(Items from a data source)
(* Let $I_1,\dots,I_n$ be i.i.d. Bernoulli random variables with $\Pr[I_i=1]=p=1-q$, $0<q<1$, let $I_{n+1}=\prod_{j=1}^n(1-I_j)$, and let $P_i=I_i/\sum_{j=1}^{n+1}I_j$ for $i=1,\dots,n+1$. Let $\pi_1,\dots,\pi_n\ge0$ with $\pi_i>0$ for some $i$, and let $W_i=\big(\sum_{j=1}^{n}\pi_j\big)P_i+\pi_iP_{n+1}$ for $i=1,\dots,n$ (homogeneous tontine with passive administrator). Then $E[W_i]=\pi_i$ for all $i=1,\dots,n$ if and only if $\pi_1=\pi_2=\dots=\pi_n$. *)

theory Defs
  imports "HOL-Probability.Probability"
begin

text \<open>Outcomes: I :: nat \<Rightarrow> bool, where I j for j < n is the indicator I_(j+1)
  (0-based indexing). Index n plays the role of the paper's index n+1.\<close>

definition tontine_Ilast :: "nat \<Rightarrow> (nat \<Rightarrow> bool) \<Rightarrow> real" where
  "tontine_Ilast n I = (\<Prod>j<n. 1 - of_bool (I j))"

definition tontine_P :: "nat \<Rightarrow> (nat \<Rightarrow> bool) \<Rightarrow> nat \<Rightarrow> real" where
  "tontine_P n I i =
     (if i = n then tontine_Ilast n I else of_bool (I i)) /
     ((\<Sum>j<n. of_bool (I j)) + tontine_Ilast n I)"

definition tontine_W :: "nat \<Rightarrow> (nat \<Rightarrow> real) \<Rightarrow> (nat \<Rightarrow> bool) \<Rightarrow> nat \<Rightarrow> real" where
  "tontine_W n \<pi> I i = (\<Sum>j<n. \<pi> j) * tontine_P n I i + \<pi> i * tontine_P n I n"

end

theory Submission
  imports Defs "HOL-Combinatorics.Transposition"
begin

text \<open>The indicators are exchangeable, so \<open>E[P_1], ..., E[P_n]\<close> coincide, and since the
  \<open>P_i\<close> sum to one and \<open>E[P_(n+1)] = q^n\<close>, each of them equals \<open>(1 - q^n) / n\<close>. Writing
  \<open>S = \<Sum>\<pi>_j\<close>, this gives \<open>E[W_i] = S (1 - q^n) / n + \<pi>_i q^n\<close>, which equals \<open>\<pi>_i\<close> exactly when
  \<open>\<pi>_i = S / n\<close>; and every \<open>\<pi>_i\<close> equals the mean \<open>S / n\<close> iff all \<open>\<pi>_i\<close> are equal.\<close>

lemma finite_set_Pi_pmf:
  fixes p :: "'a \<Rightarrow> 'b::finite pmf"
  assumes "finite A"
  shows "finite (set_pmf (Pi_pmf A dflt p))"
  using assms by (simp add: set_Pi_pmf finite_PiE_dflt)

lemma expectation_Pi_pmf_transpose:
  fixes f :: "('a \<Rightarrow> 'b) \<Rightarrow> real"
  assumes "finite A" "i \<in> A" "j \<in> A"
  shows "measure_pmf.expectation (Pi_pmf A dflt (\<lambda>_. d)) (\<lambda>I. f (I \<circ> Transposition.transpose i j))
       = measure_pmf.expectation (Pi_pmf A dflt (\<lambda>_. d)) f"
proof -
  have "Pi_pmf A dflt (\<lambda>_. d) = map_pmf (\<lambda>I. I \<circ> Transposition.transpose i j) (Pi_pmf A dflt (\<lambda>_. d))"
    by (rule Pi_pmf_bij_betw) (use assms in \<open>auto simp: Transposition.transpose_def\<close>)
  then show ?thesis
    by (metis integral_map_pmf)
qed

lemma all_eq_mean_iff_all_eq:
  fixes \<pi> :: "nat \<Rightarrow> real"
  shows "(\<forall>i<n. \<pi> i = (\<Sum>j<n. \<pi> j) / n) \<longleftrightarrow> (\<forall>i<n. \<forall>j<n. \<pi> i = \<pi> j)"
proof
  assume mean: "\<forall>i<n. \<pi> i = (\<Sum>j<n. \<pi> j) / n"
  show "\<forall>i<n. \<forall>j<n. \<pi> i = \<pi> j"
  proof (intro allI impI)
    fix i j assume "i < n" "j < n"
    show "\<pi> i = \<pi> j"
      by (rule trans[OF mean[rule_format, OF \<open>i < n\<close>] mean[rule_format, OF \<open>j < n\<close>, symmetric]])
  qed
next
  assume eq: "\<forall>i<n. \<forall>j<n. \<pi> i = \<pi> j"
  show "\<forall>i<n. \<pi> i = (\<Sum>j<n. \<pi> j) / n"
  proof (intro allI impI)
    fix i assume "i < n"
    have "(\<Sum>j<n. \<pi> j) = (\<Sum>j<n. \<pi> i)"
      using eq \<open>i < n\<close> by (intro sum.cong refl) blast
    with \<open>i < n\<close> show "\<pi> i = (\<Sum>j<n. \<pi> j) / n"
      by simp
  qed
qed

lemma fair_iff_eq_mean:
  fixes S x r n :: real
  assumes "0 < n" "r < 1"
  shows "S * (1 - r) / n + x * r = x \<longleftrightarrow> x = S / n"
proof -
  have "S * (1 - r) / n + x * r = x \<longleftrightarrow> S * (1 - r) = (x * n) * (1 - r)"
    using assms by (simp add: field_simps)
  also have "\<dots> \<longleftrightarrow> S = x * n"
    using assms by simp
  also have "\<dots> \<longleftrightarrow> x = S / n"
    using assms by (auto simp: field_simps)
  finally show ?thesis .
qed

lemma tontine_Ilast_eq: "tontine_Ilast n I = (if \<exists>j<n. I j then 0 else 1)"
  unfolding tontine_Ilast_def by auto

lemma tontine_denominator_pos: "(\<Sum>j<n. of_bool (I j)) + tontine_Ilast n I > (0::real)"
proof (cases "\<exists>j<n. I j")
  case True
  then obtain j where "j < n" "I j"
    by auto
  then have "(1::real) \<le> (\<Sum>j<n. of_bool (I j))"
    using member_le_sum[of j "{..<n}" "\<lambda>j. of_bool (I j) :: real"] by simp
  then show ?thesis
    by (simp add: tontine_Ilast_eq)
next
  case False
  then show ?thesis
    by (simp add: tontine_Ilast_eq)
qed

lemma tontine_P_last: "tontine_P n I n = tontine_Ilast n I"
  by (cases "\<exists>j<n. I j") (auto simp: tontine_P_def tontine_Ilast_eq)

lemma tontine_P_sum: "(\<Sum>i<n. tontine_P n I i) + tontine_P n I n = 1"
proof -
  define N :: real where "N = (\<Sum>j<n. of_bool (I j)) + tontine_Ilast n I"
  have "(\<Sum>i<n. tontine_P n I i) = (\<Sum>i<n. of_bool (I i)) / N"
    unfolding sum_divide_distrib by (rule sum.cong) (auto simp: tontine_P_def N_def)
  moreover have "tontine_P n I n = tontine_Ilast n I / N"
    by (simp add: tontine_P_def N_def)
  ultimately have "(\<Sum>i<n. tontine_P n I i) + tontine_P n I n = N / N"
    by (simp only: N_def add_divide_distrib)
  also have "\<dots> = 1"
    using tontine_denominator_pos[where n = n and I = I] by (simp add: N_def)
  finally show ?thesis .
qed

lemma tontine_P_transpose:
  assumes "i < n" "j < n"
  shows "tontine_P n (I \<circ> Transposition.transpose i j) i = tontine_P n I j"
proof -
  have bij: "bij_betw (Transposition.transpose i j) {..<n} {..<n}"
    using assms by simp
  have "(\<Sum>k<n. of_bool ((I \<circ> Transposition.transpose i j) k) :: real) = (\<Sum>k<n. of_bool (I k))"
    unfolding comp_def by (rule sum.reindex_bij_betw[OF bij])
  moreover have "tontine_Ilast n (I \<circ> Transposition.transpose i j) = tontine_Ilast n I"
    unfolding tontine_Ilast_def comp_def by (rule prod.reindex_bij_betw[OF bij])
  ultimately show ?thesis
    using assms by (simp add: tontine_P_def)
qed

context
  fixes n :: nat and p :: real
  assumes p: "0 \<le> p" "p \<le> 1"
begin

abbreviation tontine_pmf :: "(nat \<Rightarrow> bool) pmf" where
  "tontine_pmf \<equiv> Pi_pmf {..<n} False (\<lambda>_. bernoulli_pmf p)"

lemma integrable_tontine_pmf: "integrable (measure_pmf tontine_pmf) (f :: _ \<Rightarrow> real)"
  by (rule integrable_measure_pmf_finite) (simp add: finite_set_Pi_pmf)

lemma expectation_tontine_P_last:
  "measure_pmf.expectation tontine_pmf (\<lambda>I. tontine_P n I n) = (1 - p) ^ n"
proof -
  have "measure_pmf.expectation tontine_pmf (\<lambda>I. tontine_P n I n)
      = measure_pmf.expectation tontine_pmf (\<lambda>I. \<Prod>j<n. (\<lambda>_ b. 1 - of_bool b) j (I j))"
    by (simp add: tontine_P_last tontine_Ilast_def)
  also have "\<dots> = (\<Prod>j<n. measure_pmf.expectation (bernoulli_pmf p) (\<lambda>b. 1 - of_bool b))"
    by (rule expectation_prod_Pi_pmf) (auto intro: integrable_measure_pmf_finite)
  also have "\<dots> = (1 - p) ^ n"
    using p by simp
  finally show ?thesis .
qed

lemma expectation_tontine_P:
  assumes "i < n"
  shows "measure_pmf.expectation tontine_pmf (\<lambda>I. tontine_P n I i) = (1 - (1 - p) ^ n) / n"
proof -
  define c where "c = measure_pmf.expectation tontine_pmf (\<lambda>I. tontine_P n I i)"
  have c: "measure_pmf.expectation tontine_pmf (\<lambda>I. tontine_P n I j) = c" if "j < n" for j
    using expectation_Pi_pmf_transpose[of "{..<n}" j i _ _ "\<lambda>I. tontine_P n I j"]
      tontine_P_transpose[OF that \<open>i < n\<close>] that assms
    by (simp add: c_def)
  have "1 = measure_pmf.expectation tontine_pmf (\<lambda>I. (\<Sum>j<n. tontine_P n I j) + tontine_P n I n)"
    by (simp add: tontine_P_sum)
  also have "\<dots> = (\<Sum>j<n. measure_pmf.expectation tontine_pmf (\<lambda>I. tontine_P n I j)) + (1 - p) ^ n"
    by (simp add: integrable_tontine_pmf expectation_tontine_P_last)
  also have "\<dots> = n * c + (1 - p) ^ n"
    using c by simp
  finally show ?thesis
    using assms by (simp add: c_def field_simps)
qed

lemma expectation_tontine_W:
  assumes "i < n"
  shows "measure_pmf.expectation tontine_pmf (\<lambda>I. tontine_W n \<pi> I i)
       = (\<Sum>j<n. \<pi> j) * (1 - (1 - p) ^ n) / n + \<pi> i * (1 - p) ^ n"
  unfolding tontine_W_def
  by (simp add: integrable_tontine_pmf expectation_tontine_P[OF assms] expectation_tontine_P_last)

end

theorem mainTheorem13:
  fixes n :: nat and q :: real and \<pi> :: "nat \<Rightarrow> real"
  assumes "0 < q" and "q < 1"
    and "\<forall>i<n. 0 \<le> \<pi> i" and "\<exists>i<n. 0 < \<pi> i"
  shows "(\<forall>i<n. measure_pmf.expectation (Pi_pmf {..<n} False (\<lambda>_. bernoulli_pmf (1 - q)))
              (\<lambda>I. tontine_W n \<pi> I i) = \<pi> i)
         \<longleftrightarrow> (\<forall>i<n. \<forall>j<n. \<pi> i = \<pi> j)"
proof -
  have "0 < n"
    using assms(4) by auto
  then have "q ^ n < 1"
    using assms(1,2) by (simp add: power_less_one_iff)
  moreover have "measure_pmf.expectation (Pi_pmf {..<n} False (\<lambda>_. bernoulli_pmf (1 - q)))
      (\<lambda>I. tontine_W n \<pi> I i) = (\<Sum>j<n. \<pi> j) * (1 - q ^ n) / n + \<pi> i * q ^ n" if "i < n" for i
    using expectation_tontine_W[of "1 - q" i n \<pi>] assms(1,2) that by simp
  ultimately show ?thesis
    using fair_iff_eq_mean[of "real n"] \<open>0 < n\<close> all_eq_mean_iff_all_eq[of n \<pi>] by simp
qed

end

--

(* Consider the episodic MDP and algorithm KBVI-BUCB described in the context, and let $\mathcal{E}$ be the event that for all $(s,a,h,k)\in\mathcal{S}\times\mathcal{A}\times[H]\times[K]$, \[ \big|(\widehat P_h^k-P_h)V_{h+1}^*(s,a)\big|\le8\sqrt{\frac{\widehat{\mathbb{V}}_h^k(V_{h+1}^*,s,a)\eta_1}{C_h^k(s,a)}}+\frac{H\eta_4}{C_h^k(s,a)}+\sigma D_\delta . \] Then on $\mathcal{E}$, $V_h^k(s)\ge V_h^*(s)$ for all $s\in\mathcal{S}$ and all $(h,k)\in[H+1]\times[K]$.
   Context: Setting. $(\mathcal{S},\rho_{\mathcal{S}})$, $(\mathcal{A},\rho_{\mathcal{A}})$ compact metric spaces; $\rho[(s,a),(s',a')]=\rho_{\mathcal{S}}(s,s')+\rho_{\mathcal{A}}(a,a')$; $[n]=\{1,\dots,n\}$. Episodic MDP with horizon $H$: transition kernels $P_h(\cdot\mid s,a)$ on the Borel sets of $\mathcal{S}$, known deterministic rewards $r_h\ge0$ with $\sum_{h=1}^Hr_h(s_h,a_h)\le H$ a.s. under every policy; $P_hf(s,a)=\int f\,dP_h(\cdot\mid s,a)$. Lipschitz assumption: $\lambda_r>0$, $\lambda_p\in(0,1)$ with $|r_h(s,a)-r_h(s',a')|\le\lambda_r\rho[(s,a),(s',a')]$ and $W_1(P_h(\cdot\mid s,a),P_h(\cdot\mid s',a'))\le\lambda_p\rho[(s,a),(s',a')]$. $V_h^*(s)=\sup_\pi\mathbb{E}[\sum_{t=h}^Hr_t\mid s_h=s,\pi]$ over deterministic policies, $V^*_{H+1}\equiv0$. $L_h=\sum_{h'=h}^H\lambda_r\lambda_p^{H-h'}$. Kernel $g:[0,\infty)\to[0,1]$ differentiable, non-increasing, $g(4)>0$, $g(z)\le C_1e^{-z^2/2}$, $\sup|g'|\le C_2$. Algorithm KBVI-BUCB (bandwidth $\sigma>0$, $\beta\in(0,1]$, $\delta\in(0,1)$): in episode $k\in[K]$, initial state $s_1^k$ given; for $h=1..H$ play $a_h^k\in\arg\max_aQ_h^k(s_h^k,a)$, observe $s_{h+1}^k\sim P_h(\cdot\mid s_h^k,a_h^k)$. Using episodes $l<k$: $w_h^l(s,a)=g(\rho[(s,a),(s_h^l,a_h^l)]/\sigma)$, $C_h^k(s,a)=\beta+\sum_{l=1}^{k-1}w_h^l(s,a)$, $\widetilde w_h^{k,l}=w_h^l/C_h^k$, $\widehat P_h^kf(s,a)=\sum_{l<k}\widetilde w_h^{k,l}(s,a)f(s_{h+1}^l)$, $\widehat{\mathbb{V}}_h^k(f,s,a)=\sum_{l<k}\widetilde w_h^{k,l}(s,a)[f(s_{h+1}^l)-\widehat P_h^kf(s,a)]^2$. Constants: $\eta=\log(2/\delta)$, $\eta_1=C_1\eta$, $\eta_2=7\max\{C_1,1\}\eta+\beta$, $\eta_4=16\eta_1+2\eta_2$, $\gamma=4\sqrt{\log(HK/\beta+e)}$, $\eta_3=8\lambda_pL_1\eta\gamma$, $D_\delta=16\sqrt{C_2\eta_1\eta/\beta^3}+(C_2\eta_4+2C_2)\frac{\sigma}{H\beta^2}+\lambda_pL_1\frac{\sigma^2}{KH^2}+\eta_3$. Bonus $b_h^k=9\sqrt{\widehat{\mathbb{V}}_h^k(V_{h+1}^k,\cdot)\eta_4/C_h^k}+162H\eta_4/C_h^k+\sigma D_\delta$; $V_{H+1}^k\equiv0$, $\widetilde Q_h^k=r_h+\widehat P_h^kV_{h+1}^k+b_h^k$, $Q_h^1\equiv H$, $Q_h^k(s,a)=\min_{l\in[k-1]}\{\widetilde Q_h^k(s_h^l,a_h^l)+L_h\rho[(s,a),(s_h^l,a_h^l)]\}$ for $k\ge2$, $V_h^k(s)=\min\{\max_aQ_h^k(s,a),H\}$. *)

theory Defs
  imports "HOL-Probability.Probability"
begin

# [ASSIGNMENT]
Each line above that contains the word "False" should be copied.

# [FINISHED EXERCISE]
  case False
  "tontine_pmf \<equiv> Pi_pmf {..<n} False (\<lambda>_. bernoulli_pmf p)"
  shows "(\<forall>i<n. measure_pmf.expectation (Pi_pmf {..<n} False (\<lambda>_. bernoulli_pmf (1 - q)))
  moreover have "measure_pmf.expectation (Pi_pmf {..<n} False (\<lambda>_. bernoulli_pmf (1 - q)))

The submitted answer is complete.